Collected data entries:
^^^^^^^^

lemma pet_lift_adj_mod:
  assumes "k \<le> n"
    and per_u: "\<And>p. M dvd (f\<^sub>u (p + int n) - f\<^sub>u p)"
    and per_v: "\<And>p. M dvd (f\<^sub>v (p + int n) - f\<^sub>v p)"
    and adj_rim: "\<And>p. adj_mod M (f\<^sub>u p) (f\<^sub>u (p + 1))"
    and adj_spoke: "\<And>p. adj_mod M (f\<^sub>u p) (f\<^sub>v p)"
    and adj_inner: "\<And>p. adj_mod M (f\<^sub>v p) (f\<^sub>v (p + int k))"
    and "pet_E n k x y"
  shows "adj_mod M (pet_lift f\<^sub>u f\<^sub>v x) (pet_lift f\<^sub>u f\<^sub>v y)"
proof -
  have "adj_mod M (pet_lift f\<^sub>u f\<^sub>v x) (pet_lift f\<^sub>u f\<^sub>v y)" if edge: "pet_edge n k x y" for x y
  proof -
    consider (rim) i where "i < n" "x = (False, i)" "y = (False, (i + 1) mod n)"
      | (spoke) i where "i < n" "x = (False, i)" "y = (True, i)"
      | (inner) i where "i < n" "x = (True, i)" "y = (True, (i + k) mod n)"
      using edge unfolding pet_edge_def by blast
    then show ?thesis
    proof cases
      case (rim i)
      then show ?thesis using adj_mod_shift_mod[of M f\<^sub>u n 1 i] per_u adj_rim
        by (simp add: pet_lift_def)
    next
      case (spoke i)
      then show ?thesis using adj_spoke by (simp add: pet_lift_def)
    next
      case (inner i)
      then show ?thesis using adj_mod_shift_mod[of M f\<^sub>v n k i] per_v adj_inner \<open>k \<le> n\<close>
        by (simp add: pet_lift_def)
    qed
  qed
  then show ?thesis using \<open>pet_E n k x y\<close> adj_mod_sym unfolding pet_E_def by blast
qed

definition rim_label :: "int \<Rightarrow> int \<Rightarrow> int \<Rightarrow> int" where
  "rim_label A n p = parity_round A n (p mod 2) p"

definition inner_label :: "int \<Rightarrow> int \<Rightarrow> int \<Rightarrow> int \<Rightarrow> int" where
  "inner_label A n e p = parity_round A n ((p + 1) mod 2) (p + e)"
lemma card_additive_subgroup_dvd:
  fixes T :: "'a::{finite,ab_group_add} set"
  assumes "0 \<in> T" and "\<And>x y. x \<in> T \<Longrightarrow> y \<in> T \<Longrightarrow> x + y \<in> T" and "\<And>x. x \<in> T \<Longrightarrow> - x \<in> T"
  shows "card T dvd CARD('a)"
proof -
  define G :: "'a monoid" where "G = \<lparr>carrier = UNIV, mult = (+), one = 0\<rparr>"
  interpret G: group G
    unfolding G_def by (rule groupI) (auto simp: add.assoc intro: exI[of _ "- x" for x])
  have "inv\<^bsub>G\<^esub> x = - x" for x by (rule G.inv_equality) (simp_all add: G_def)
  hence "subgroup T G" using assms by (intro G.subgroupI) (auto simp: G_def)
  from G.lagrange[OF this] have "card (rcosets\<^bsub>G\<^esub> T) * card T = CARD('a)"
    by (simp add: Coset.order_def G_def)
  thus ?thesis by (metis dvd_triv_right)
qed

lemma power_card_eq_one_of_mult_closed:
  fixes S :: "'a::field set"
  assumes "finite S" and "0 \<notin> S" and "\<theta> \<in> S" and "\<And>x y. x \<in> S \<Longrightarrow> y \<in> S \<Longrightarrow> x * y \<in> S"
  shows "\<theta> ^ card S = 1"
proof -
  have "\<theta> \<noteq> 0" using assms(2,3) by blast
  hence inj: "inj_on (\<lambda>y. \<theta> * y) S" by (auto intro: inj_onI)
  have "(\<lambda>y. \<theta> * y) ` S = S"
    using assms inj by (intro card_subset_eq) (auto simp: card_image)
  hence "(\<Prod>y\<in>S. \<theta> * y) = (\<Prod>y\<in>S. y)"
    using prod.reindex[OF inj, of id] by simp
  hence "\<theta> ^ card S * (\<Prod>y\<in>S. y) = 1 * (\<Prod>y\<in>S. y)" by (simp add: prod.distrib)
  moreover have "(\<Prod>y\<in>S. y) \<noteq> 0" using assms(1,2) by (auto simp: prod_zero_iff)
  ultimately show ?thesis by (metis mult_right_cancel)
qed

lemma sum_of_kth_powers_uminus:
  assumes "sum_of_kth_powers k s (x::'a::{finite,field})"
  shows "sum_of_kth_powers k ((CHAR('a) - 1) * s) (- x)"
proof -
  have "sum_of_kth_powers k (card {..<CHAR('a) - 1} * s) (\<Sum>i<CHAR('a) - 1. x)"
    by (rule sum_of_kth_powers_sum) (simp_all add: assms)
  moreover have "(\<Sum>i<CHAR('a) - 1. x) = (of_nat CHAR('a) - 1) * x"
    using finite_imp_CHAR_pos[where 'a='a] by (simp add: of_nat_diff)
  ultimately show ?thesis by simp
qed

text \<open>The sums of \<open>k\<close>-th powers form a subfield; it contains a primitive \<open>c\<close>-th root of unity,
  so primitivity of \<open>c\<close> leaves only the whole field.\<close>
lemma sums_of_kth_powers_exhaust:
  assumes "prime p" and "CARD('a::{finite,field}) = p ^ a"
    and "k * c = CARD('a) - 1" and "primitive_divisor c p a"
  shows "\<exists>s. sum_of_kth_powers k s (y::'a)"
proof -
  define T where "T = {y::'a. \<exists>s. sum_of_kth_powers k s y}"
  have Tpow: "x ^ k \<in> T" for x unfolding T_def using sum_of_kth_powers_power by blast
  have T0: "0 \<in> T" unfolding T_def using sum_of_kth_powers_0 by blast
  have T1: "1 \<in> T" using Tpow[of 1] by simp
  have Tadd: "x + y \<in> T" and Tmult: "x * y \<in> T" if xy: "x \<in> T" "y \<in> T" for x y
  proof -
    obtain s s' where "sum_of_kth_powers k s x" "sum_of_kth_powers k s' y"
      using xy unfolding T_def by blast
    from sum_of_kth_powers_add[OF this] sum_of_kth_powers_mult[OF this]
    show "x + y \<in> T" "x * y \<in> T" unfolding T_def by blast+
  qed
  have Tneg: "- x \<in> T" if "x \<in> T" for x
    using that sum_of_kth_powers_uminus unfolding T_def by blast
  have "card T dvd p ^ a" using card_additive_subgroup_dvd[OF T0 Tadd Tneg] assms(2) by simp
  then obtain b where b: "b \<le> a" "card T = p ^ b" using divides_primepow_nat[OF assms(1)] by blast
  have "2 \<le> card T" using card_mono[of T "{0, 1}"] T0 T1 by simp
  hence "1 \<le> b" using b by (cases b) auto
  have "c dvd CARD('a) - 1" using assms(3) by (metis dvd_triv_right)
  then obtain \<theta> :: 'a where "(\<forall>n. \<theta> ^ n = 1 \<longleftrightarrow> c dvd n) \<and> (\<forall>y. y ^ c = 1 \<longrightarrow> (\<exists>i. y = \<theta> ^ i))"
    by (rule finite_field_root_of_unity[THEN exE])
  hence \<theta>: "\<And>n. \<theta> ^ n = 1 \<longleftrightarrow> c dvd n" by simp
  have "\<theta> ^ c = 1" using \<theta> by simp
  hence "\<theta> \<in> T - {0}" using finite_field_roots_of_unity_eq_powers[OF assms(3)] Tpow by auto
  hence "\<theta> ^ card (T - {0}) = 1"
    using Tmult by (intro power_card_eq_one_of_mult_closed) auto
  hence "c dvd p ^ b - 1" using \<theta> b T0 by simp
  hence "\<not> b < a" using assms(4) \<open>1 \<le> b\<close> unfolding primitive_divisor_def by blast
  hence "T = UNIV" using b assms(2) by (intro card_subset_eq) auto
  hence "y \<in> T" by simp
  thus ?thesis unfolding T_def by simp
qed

^^^^^^^^

A line qualifies when it holds the word "False"; report all qualifying lines from the records above.

    consider (rim) i where "i < n" "x = (False, i)" "y = (False, (i + 1) mod n)"
      | (spoke) i where "i < n" "x = (False, i)" "y = (True, i)"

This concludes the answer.